Work to be completed: Each line of the data below either holds "increasing" or does not. Report how many do, and only that.

The data:
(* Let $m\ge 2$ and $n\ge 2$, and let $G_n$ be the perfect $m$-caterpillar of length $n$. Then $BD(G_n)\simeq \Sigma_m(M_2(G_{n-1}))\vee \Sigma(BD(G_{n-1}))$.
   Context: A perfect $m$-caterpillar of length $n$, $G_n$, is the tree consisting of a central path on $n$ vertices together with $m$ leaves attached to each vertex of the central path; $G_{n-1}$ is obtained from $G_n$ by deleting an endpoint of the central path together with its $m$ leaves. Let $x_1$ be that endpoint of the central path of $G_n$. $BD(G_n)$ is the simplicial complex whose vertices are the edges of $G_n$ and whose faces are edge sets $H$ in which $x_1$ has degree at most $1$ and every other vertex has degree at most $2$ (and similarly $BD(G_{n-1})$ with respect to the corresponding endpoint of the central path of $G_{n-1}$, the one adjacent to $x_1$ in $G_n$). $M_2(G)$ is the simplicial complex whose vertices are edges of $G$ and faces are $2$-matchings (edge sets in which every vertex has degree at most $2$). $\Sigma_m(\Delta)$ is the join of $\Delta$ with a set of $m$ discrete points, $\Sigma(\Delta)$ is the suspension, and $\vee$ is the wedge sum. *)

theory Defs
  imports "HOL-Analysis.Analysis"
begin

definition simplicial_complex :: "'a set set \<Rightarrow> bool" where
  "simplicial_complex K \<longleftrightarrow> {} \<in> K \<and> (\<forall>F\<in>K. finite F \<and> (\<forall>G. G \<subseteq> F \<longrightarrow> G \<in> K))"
---
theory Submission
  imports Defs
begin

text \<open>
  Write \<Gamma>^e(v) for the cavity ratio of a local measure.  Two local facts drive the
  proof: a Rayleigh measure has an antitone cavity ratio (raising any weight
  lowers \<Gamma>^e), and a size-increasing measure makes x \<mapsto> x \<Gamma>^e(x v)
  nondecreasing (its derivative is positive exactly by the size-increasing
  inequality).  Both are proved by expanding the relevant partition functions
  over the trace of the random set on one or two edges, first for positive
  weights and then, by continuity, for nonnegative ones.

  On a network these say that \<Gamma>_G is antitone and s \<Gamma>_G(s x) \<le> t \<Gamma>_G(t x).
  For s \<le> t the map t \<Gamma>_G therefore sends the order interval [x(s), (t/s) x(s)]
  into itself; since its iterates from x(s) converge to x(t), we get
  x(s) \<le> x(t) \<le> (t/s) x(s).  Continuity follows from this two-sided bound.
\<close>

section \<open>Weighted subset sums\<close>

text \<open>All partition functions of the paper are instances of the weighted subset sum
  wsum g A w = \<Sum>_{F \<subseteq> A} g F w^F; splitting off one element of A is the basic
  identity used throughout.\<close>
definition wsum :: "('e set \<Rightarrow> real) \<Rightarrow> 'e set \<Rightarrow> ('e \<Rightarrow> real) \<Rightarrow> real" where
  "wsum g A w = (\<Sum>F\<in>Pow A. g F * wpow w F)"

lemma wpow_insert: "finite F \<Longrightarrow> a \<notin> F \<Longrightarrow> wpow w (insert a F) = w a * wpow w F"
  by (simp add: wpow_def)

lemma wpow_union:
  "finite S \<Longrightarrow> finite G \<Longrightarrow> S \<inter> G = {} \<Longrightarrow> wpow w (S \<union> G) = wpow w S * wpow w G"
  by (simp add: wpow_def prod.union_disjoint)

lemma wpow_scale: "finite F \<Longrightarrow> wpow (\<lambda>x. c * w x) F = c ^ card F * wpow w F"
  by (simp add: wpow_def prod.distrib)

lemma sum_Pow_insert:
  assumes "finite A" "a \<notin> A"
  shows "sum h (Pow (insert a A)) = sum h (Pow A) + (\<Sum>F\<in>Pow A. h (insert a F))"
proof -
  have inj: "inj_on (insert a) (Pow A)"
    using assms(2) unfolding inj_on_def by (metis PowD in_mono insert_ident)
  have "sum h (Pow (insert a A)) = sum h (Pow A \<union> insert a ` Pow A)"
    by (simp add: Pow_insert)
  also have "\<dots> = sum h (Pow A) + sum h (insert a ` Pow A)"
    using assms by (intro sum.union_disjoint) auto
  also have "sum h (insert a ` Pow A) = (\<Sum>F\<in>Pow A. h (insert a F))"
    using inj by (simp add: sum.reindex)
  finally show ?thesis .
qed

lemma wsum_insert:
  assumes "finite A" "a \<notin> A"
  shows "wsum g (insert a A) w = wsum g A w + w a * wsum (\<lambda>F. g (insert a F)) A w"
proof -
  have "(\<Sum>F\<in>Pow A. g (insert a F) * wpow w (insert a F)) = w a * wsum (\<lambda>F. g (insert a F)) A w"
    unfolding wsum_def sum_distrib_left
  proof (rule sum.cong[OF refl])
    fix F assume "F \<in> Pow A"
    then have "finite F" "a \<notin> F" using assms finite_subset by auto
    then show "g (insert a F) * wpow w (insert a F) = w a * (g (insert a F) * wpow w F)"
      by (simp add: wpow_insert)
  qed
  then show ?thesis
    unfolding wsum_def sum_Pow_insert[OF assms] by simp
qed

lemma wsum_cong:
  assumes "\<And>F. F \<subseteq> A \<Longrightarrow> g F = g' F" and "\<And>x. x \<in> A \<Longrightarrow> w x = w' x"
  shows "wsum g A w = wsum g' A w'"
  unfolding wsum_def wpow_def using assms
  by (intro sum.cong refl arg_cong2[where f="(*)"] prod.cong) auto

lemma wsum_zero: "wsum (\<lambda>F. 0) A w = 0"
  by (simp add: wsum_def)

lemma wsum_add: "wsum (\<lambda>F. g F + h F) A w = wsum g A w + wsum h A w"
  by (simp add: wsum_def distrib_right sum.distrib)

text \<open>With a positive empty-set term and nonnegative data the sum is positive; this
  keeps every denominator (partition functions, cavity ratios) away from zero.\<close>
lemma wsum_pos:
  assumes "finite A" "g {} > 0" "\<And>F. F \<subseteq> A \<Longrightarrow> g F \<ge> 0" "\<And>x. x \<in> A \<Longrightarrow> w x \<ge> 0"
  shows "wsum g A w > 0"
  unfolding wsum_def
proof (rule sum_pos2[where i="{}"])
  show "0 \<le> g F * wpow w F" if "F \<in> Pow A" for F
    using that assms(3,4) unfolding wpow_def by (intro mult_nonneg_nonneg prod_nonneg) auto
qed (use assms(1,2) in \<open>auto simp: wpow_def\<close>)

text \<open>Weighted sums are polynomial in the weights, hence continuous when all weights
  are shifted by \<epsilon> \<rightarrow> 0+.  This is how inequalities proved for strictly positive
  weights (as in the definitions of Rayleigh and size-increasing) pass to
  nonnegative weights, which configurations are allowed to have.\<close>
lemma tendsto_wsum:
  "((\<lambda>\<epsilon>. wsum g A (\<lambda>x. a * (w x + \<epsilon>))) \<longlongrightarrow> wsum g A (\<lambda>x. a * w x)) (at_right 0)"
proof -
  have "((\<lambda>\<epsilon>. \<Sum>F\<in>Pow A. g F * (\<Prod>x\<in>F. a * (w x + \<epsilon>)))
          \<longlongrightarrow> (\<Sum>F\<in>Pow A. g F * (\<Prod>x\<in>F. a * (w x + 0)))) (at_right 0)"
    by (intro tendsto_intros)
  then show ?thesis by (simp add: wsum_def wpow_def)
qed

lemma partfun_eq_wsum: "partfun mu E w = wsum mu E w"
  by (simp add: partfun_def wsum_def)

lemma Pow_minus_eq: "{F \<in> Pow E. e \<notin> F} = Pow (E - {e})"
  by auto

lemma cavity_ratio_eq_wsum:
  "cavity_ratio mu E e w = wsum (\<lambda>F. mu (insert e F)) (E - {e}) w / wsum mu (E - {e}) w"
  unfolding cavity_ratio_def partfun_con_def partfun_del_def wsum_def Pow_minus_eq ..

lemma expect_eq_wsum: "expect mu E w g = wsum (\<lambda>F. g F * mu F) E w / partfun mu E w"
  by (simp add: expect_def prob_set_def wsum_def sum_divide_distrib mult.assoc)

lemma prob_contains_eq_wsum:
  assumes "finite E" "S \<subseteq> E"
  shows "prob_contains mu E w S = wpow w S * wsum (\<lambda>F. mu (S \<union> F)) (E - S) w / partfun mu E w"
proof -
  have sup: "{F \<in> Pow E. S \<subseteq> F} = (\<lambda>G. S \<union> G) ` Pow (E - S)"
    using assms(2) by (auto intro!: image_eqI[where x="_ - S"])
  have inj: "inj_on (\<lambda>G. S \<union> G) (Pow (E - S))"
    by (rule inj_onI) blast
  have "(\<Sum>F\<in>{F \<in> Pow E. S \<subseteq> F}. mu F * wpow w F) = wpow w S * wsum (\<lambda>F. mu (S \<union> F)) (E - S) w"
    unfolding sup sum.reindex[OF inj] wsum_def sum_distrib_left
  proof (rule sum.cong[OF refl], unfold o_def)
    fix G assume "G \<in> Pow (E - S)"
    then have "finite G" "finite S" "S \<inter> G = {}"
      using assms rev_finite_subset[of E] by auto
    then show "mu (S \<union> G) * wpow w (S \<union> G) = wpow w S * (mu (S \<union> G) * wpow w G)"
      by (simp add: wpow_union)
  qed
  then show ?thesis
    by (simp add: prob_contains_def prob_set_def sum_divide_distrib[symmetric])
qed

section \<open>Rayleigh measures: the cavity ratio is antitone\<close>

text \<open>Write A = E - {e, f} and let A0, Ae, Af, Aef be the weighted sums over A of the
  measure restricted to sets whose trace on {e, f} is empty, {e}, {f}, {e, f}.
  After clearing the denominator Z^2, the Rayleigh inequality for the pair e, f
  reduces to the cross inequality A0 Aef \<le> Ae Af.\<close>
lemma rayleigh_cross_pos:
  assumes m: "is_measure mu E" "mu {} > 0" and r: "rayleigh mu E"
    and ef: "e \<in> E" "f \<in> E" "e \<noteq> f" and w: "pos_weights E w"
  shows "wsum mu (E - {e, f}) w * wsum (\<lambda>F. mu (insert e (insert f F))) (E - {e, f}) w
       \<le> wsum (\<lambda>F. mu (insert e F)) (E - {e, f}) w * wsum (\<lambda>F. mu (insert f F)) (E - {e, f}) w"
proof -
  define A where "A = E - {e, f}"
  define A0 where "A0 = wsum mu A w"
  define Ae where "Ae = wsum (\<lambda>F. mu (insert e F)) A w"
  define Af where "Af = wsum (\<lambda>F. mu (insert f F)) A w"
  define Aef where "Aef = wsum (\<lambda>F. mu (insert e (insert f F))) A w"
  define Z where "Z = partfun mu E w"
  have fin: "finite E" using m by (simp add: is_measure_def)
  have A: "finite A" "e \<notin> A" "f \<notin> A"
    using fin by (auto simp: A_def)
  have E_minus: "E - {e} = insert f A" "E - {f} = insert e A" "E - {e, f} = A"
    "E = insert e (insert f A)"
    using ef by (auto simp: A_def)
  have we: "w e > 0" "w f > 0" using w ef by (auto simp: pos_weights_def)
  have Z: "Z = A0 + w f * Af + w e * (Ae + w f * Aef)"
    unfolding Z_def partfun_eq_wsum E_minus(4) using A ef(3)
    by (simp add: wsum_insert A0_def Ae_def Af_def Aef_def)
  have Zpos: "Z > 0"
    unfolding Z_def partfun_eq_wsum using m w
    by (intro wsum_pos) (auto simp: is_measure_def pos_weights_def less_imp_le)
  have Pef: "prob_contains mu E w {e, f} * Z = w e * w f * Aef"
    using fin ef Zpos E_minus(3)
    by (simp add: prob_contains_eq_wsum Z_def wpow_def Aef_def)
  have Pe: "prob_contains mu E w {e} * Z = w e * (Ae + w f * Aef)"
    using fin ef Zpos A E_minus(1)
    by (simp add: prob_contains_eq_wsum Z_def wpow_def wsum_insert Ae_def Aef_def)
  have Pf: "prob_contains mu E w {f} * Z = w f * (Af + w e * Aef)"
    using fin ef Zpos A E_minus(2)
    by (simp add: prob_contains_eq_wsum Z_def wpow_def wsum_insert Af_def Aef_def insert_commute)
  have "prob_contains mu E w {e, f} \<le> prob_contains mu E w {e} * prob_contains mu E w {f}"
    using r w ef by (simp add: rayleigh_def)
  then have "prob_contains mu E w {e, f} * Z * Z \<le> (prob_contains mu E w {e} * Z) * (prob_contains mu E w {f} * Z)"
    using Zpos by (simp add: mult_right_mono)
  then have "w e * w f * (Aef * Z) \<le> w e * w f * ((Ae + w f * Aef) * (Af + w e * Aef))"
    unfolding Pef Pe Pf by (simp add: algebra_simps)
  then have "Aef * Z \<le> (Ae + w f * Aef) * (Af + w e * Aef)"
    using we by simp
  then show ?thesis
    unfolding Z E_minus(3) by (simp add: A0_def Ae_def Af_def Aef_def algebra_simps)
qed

Your response: 3